Task brief:
Repeat only the lines below from the one containing "of pure tensors" through the one containing "('k \<Rightarrow> 'b::ab_group_add", inclusive, exactly as written.

Records for processing:
== == ==

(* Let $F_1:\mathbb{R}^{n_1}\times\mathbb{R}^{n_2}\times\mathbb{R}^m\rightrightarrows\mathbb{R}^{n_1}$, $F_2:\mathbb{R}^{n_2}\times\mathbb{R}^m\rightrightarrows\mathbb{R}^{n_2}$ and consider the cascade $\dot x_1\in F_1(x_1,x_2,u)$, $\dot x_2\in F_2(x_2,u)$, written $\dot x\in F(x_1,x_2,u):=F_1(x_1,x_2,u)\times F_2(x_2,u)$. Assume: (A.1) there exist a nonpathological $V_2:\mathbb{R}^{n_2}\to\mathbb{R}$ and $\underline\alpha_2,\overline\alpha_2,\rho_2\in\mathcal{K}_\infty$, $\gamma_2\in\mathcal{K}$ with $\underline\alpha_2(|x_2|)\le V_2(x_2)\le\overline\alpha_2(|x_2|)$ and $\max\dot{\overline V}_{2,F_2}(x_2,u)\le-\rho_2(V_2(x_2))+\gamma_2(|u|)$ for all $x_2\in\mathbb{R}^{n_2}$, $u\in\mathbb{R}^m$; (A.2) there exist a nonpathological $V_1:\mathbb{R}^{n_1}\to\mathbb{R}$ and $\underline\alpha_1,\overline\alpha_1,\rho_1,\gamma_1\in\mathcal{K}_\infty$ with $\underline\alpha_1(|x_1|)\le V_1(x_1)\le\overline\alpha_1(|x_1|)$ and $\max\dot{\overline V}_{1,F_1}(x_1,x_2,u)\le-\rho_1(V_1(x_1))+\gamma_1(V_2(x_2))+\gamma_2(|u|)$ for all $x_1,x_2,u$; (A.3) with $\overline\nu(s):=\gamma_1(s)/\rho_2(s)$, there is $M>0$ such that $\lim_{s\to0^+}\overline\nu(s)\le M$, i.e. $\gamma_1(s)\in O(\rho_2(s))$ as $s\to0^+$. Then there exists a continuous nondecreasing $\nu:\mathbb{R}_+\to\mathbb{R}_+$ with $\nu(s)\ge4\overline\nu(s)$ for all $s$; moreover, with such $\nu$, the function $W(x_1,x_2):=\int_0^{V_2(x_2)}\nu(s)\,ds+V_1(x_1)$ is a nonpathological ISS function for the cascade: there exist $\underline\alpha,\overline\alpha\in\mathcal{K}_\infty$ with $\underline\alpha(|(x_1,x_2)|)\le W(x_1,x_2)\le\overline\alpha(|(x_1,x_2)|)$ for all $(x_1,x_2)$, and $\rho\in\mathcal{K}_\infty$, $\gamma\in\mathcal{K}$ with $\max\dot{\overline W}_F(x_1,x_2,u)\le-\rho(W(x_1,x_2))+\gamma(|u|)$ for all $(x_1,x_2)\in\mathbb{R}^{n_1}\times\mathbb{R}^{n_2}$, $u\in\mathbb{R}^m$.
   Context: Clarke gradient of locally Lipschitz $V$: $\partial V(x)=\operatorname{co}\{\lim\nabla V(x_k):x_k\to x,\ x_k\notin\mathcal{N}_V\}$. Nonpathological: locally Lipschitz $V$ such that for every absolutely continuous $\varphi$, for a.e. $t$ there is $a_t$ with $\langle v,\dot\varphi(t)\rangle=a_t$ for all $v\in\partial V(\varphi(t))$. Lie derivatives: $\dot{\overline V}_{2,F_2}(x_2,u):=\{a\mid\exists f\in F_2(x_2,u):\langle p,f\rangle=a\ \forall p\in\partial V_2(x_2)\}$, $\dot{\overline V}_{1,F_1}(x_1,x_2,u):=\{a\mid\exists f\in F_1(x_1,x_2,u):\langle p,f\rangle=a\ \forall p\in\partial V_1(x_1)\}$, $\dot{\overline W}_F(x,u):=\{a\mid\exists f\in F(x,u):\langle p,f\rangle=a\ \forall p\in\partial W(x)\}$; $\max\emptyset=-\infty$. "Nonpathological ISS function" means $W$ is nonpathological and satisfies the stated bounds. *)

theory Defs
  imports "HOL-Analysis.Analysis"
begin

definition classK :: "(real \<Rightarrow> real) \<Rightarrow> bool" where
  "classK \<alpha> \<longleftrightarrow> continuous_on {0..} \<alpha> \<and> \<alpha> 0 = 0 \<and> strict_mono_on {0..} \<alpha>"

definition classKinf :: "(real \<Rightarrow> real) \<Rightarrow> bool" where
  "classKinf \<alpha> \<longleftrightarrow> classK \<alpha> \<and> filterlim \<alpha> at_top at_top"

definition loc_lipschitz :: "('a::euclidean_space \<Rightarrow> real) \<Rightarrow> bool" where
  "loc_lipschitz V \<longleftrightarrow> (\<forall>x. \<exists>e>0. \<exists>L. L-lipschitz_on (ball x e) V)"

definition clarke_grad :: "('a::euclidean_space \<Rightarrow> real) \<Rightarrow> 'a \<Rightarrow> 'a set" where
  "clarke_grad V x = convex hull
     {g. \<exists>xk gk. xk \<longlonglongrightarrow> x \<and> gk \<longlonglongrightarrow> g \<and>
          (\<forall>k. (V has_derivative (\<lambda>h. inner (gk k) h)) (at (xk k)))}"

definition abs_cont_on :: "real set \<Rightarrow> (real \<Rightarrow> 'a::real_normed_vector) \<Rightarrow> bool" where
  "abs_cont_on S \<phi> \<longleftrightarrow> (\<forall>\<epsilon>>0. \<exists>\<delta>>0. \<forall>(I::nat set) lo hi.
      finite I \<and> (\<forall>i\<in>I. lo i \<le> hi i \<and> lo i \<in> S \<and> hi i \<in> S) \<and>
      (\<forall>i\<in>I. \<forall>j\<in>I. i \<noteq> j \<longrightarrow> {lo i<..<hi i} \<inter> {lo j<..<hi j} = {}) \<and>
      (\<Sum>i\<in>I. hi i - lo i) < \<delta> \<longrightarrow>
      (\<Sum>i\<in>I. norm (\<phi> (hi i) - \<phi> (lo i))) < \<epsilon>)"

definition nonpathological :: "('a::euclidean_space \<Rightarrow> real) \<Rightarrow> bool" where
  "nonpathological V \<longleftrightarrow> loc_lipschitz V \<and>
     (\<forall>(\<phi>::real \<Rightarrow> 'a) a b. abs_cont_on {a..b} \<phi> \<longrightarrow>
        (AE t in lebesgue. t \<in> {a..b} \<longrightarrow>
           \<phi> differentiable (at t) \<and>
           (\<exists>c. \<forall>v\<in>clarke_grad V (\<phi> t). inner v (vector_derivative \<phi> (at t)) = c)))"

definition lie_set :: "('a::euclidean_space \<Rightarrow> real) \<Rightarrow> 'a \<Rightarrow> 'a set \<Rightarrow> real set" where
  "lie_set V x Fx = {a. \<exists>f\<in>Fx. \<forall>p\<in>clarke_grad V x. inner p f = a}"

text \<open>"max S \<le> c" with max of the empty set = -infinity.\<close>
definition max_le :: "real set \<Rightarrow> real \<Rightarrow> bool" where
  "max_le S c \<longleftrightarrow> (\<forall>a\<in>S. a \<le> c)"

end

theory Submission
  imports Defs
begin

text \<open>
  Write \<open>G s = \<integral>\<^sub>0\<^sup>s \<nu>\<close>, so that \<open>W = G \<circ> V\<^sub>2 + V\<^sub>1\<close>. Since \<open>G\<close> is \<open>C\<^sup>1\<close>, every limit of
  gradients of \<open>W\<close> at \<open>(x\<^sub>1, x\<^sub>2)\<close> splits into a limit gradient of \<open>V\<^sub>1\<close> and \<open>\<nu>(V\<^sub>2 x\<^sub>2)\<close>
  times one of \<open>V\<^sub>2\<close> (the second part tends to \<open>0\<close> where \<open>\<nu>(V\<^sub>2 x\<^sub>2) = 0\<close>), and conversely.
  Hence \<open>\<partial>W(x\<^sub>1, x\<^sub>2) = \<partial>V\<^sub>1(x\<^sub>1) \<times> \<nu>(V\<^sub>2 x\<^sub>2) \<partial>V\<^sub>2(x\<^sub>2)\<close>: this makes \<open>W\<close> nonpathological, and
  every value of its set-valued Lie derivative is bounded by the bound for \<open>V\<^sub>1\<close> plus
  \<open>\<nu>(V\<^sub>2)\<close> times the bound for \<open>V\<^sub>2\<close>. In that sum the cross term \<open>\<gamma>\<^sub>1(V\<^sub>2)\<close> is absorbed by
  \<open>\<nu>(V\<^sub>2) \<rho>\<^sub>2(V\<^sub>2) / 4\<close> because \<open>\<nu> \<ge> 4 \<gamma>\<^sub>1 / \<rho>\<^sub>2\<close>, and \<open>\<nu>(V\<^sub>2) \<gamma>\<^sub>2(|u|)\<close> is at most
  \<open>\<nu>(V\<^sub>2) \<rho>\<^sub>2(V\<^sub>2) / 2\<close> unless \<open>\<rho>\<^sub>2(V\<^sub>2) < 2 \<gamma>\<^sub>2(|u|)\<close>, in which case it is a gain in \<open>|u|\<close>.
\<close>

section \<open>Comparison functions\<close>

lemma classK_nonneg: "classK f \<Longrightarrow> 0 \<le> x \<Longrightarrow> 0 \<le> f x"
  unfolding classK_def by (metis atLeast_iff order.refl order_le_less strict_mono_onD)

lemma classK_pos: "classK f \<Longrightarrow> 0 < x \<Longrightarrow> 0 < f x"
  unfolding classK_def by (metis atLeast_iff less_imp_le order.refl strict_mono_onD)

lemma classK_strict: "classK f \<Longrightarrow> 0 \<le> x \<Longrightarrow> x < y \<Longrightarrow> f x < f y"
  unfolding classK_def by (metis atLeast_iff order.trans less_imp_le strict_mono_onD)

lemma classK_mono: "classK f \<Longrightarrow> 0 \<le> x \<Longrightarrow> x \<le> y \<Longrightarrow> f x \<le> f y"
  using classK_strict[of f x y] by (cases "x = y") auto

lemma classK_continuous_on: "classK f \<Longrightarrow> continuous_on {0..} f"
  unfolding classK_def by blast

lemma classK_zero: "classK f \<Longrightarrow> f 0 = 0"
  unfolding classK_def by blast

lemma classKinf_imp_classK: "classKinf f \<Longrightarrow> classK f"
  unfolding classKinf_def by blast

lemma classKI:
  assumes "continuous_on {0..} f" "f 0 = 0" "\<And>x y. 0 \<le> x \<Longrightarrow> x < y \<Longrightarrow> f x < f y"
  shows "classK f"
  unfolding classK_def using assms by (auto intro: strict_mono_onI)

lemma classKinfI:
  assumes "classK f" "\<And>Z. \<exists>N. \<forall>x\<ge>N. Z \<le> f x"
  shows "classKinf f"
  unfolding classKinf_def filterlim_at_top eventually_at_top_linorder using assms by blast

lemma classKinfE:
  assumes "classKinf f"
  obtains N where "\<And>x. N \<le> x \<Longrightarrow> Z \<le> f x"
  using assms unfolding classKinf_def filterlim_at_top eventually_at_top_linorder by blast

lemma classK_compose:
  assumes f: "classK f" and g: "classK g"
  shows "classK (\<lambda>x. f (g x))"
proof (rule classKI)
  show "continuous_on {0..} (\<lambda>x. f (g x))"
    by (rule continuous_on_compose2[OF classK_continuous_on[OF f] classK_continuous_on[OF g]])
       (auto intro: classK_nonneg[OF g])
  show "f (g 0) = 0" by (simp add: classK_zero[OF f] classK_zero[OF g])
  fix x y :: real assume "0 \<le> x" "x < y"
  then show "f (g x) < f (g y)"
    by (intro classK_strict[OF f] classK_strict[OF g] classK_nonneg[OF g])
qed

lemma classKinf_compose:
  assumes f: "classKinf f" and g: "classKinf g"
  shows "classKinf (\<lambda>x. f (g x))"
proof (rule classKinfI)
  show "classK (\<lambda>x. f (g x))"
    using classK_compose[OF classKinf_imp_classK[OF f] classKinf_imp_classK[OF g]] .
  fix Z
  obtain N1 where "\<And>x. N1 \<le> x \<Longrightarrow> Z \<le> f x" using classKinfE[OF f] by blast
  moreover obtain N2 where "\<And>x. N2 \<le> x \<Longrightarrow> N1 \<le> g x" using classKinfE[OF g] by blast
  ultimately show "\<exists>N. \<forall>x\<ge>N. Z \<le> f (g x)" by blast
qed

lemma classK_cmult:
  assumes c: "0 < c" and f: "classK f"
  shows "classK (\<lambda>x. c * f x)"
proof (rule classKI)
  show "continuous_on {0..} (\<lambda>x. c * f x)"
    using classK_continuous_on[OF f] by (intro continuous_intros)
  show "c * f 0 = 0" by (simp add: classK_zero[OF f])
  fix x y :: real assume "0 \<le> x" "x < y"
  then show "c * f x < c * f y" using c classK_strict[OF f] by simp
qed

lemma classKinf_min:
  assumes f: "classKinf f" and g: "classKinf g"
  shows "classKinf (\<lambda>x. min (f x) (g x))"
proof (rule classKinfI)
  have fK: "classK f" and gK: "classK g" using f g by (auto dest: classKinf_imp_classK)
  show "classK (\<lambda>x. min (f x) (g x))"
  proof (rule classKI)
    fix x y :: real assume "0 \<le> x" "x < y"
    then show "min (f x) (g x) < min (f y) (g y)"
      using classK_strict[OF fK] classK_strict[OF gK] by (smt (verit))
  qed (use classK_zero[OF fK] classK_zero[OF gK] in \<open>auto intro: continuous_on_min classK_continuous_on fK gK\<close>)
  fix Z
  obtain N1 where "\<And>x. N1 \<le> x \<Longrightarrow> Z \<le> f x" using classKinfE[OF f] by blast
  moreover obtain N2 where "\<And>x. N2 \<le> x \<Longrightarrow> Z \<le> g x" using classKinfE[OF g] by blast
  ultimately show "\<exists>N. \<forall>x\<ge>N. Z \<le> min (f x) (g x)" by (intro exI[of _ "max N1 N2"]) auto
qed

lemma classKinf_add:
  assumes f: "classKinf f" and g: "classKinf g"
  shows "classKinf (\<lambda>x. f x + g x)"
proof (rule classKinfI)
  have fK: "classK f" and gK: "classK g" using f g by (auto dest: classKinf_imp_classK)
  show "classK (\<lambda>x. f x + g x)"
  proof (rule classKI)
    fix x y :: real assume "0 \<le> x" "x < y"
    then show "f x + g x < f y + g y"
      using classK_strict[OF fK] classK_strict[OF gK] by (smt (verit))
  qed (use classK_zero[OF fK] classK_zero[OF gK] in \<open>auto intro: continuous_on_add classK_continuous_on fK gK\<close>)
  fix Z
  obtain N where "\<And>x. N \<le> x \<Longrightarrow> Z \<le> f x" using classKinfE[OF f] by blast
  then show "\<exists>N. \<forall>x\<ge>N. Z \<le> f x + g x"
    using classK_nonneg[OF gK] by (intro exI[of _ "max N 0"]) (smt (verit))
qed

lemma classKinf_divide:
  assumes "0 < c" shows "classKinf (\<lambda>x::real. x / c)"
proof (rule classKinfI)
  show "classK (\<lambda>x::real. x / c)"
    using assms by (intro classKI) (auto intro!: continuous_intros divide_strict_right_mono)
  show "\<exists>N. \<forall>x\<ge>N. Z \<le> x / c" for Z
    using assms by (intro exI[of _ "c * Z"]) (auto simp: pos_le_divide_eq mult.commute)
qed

== == ==

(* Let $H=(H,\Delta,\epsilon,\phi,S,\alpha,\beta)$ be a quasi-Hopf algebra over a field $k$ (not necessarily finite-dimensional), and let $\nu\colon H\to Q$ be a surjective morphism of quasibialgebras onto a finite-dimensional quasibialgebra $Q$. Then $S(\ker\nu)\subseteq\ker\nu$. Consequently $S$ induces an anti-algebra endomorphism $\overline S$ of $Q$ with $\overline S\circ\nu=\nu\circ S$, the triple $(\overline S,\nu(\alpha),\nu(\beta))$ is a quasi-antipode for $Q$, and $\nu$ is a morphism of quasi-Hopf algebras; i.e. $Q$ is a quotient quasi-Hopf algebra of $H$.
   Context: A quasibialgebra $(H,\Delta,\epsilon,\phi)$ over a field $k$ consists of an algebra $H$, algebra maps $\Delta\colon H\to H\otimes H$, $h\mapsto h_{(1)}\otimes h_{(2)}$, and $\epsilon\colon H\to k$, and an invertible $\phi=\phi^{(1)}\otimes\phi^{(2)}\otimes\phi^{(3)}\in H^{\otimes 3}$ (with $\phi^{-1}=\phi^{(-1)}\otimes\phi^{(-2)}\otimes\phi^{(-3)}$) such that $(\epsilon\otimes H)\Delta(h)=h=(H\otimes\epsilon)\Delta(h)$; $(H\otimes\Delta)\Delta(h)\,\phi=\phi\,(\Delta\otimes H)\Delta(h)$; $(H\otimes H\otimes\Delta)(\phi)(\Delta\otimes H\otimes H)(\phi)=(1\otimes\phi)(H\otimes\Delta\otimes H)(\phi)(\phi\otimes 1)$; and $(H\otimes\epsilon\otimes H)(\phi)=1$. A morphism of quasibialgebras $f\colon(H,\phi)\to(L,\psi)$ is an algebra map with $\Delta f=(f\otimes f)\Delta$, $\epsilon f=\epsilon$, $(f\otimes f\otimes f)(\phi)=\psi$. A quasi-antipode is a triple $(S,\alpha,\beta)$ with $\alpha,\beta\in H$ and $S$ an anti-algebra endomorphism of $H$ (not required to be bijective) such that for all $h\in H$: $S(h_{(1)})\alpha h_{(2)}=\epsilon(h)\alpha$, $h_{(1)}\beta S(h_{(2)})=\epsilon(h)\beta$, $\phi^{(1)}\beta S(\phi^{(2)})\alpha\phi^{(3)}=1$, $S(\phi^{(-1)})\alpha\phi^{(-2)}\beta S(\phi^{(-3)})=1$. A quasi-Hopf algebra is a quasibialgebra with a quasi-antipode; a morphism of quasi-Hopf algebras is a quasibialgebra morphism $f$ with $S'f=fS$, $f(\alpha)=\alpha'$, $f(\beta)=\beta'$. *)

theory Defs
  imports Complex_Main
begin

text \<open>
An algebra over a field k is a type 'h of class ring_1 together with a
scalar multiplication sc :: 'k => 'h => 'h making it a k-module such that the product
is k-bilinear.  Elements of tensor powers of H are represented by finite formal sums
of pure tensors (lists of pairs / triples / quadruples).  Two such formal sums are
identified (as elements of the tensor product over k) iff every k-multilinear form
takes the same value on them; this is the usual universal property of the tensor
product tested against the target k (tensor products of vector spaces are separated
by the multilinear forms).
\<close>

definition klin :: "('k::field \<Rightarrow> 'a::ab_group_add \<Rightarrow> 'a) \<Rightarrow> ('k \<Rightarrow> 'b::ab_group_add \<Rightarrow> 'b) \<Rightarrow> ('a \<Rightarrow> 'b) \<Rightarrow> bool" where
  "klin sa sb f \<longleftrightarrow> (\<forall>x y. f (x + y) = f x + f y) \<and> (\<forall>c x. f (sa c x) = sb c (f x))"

== == ==

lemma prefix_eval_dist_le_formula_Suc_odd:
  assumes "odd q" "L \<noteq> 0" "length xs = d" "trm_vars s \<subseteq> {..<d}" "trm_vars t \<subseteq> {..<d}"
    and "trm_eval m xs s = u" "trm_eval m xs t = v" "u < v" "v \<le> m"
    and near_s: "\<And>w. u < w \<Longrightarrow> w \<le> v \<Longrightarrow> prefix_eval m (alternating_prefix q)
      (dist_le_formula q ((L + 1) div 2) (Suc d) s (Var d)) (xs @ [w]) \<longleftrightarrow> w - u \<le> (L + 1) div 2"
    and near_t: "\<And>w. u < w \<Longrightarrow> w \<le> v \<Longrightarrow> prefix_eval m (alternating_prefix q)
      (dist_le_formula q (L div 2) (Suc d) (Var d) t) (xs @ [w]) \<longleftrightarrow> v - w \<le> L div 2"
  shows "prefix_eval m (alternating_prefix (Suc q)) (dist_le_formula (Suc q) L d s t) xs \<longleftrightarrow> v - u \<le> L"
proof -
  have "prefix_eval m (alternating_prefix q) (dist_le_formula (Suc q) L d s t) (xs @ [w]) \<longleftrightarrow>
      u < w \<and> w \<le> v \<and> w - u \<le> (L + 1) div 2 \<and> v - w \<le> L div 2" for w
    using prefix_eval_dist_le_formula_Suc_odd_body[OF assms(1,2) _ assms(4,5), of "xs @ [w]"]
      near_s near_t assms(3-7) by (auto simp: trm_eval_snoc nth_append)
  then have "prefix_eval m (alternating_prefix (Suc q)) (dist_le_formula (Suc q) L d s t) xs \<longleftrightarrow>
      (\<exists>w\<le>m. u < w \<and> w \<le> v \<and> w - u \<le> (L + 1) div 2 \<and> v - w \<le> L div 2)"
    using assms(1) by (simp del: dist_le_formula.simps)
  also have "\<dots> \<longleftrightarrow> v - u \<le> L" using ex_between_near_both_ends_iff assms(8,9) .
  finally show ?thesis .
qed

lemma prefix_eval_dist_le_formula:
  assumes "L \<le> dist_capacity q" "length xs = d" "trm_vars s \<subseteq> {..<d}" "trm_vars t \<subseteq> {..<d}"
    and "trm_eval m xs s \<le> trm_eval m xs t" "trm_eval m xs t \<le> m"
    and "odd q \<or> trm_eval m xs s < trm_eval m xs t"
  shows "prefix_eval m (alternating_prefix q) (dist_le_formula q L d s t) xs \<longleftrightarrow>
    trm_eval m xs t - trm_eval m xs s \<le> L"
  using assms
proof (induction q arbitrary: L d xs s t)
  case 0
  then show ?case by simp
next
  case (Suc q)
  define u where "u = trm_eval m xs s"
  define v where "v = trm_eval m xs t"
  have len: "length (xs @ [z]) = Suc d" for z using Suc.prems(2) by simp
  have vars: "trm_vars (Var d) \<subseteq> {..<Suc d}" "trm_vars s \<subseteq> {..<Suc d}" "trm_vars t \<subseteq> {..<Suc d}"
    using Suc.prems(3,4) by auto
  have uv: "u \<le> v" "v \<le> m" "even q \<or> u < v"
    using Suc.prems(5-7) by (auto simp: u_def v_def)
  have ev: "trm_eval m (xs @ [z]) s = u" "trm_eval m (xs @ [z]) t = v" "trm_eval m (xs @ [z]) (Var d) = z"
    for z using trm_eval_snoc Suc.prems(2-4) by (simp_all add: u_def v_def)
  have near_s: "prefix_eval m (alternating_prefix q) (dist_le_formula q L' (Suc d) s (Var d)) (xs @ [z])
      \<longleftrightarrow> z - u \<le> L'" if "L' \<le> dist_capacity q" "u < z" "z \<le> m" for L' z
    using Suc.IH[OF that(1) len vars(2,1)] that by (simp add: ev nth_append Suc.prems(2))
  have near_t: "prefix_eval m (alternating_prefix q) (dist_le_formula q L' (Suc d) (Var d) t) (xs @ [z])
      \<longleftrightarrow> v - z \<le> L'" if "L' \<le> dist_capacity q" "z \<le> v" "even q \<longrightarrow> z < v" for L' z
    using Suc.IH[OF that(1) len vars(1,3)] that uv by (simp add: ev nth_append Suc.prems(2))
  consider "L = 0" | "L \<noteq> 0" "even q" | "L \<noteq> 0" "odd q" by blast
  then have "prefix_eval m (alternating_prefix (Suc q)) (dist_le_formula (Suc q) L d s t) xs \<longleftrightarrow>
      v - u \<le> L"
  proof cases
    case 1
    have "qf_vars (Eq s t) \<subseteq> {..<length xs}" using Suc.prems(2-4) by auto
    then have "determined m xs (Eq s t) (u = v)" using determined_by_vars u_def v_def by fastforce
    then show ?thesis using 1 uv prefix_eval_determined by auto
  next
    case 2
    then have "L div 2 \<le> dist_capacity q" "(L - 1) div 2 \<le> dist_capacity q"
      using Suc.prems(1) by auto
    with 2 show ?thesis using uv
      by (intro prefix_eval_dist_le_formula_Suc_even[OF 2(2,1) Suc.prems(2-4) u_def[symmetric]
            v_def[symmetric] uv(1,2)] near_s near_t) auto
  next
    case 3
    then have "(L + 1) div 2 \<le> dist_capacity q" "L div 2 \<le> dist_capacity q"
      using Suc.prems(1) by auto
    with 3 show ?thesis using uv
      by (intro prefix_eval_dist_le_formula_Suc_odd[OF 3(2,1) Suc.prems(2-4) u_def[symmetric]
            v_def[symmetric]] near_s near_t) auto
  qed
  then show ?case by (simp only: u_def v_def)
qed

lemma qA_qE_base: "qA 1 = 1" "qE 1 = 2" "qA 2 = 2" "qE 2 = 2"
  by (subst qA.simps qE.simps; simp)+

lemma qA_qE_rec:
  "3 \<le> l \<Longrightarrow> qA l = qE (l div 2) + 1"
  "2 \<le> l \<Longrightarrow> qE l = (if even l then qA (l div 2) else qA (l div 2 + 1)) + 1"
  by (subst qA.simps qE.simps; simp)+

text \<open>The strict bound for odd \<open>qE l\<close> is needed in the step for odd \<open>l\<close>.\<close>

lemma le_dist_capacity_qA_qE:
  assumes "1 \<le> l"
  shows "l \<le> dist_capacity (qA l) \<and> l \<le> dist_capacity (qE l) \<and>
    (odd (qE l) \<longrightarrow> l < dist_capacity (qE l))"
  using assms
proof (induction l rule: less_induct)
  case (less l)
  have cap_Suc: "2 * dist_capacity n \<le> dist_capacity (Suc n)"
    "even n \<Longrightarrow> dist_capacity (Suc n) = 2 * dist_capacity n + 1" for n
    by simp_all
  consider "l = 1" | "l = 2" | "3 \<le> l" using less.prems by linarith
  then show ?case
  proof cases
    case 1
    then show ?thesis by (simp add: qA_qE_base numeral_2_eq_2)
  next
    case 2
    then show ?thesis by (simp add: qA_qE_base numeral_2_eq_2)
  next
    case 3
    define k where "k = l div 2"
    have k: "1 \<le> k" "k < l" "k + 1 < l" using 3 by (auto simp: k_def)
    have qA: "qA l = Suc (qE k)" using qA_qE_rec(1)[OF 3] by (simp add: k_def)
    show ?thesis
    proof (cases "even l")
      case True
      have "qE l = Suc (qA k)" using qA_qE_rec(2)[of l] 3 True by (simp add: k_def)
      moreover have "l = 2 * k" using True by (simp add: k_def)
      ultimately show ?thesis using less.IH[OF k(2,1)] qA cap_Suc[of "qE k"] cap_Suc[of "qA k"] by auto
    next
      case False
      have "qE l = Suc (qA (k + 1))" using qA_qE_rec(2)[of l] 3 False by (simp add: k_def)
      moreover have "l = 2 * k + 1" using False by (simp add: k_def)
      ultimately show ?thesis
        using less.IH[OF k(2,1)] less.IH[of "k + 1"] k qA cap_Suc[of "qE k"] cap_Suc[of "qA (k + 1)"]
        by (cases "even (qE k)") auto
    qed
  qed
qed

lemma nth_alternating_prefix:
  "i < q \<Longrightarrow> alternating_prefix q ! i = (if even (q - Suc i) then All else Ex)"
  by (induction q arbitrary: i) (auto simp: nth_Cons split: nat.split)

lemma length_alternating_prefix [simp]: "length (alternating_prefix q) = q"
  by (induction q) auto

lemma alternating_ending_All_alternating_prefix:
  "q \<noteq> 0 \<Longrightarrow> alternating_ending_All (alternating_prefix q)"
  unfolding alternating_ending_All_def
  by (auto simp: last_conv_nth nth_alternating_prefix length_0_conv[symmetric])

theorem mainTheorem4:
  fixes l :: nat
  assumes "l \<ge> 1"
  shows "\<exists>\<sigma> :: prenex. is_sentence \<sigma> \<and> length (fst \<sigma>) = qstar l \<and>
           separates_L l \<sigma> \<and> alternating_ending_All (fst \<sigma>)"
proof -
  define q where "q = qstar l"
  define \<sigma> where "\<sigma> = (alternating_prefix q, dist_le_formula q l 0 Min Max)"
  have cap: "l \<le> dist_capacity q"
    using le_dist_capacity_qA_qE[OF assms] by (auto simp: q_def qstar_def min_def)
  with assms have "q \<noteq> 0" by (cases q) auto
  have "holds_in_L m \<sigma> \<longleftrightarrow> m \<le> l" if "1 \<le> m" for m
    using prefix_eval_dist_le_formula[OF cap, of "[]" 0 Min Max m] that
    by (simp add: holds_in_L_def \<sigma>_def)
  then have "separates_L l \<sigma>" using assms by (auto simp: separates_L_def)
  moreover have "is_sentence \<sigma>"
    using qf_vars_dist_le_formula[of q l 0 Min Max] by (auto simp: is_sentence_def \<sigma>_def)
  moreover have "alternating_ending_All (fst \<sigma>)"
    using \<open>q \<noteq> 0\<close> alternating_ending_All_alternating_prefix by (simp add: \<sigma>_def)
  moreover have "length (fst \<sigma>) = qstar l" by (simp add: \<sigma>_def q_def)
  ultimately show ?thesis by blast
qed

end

== == ==

Solution to this problem:
of pure tensors (lists of pairs / triples / quadruples).  Two such formal sums are
identified (as elements of the tensor product over k) iff every k-multilinear form
takes the same value on them; this is the usual universal property of the tensor
product tested against the target k (tensor products of vector spaces are separated
by the multilinear forms).
\<close>

definition klin :: "('k::field \<Rightarrow> 'a::ab_group_add \<Rightarrow> 'a) \<Rightarrow> ('k \<Rightarrow> 'b::ab_group_add \<Rightarrow> 'b) \<Rightarrow> ('a \<Rightarrow> 'b) \<Rightarrow> bool" where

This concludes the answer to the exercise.